§ EXERCISE
In your answer, print each of the records below exactly.

§ RECORDS SHOWN
lemma stationary_stick_breaking_law: "stationary stick_breaking_law"
proof -
  interpret Q: prob_space Q
    by (rule prob_space_Q)
  let ?stick = "stick_breaking_measure M base_measure"
  let ?L = stick_breaking_law
  have [measurable]: "?stick \<in> stream_space Q \<rightarrow>\<^sub>M prob_algebra M"
    using measurable_stick_breaking_measure[OF base_measure_in_prob_algebra sets_Q] .
  have prob_L: "prob_space ?L" and sets_L [measurable_cong]: "sets ?L = sets (prob_algebra M)"
    unfolding stick_breaking_law_def by (auto intro!: prob_space.prob_space_distr Q.prob_space_stream_space)
  interpret L: prob_space ?L
    by (rule prob_L)
  have "?L = distr (Q \<Otimes>\<^sub>M ?L) (prob_algebra M) (mixing_map M)"
  proof (rule measure_eqI)
    fix B assume "B \<in> sets ?L"
    then have [measurable]: "B \<in> sets (prob_algebra M)"
      by (simp add: sets_L)
    have "emeasure ?L B = (\<integral>\<^sup>+s. indicator B (?stick s) \<partial>stream_space Q)"
      unfolding stick_breaking_law_def by (rule emeasure_distr_eq_nn_integral) measurable
    also have "\<dots> = (\<integral>\<^sup>+q. \<integral>\<^sup>+s. indicator B (?stick (q ## s)) \<partial>stream_space Q \<partial>Q)"
      by (rule Q.nn_integral_stream_space) measurable
    also have "\<dots> = (\<integral>\<^sup>+q. \<integral>\<^sup>+s. indicator B (mixing_map M (q, ?stick s)) \<partial>stream_space Q \<partial>Q)"
      using base_measure_in_prob_algebra by (intro nn_integral_cong)
        (simp add: mixing_map_Pair stick_breaking_measure_Stream space_Q space_stream_space
          flip: space_prob_algebra_unit_interval)
    also have "\<dots> = (\<integral>\<^sup>+q. \<integral>\<^sup>+v. indicator B (mixing_map M (q, v)) \<partial>?L \<partial>Q)"
    proof (intro nn_integral_cong)
      fix q assume "q \<in> space Q"
      then have [measurable]: "(\<lambda>v. mixing_map M (q, v)) \<in> prob_algebra M \<rightarrow>\<^sub>M prob_algebra M"
        by (auto simp: sets_Q cong: measurable_cong_sets)
      show "(\<integral>\<^sup>+s. indicator B (mixing_map M (q, ?stick s)) \<partial>stream_space Q) =
          (\<integral>\<^sup>+v. indicator B (mixing_map M (q, v)) \<partial>?L)"
        unfolding stick_breaking_law_def by (simp add: nn_integral_distr)
    qed
    also have "\<dots> = (\<integral>\<^sup>+z. indicator B (mixing_map M z) \<partial>(Q \<Otimes>\<^sub>M ?L))"
      by (rule L.nn_integral_fst) measurable
    also have "\<dots> = emeasure (distr (Q \<Otimes>\<^sub>M ?L) (prob_algebra M) (mixing_map M)) B"
      by (rule emeasure_distr_eq_nn_integral[symmetric]) measurable
    finally show "emeasure ?L B = emeasure (distr (Q \<Otimes>\<^sub>M ?L) (prob_algebra M) (mixing_map M)) B" .
  qed (simp add: sets_L)
  then show ?thesis
    using prob_L sets_L by (simp add: stationary_def)
qed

§ FINISHED EXERCISE
lemma stationary_stick_breaking_law: "stationary stick_breaking_law"
proof -
  interpret Q: prob_space Q
    by (rule prob_space_Q)
  let ?stick = "stick_breaking_measure M base_measure"
  let ?L = stick_breaking_law
  have [measurable]: "?stick \<in> stream_space Q \<rightarrow>\<^sub>M prob_algebra M"
    using measurable_stick_breaking_measure[OF base_measure_in_prob_algebra sets_Q] .
  have prob_L: "prob_space ?L" and sets_L [measurable_cong]: "sets ?L = sets (prob_algebra M)"
    unfolding stick_breaking_law_def by (auto intro!: prob_space.prob_space_distr Q.prob_space_stream_space)
  interpret L: prob_space ?L
    by (rule prob_L)
  have "?L = distr (Q \<Otimes>\<^sub>M ?L) (prob_algebra M) (mixing_map M)"
  proof (rule measure_eqI)
    fix B assume "B \<in> sets ?L"
    then have [measurable]: "B \<in> sets (prob_algebra M)"
      by (simp add: sets_L)
    have "emeasure ?L B = (\<integral>\<^sup>+s. indicator B (?stick s) \<partial>stream_space Q)"
      unfolding stick_breaking_law_def by (rule emeasure_distr_eq_nn_integral) measurable
    also have "\<dots> = (\<integral>\<^sup>+q. \<integral>\<^sup>+s. indicator B (?stick (q ## s)) \<partial>stream_space Q \<partial>Q)"
      by (rule Q.nn_integral_stream_space) measurable
    also have "\<dots> = (\<integral>\<^sup>+q. \<integral>\<^sup>+s. indicator B (mixing_map M (q, ?stick s)) \<partial>stream_space Q \<partial>Q)"
      using base_measure_in_prob_algebra by (intro nn_integral_cong)
        (simp add: mixing_map_Pair stick_breaking_measure_Stream space_Q space_stream_space
          flip: space_prob_algebra_unit_interval)
    also have "\<dots> = (\<integral>\<^sup>+q. \<integral>\<^sup>+v. indicator B (mixing_map M (q, v)) \<partial>?L \<partial>Q)"
    proof (intro nn_integral_cong)
      fix q assume "q \<in> space Q"
      then have [measurable]: "(\<lambda>v. mixing_map M (q, v)) \<in> prob_algebra M \<rightarrow>\<^sub>M prob_algebra M"
        by (auto simp: sets_Q cong: measurable_cong_sets)
      show "(\<integral>\<^sup>+s. indicator B (mixing_map M (q, ?stick s)) \<partial>stream_space Q) =
          (\<integral>\<^sup>+v. indicator B (mixing_map M (q, v)) \<partial>?L)"
        unfolding stick_breaking_law_def by (simp add: nn_integral_distr)
    qed
    also have "\<dots> = (\<integral>\<^sup>+z. indicator B (mixing_map M z) \<partial>(Q \<Otimes>\<^sub>M ?L))"
      by (rule L.nn_integral_fst) measurable
    also have "\<dots> = emeasure (distr (Q \<Otimes>\<^sub>M ?L) (prob_algebra M) (mixing_map M)) B"
      by (rule emeasure_distr_eq_nn_integral[symmetric]) measurable
    finally show "emeasure ?L B = emeasure (distr (Q \<Otimes>\<^sub>M ?L) (prob_algebra M) (mixing_map M)) B" .
  qed (simp add: sets_L)
  then show ?thesis
    using prob_L sets_L by (simp add: stationary_def)
qed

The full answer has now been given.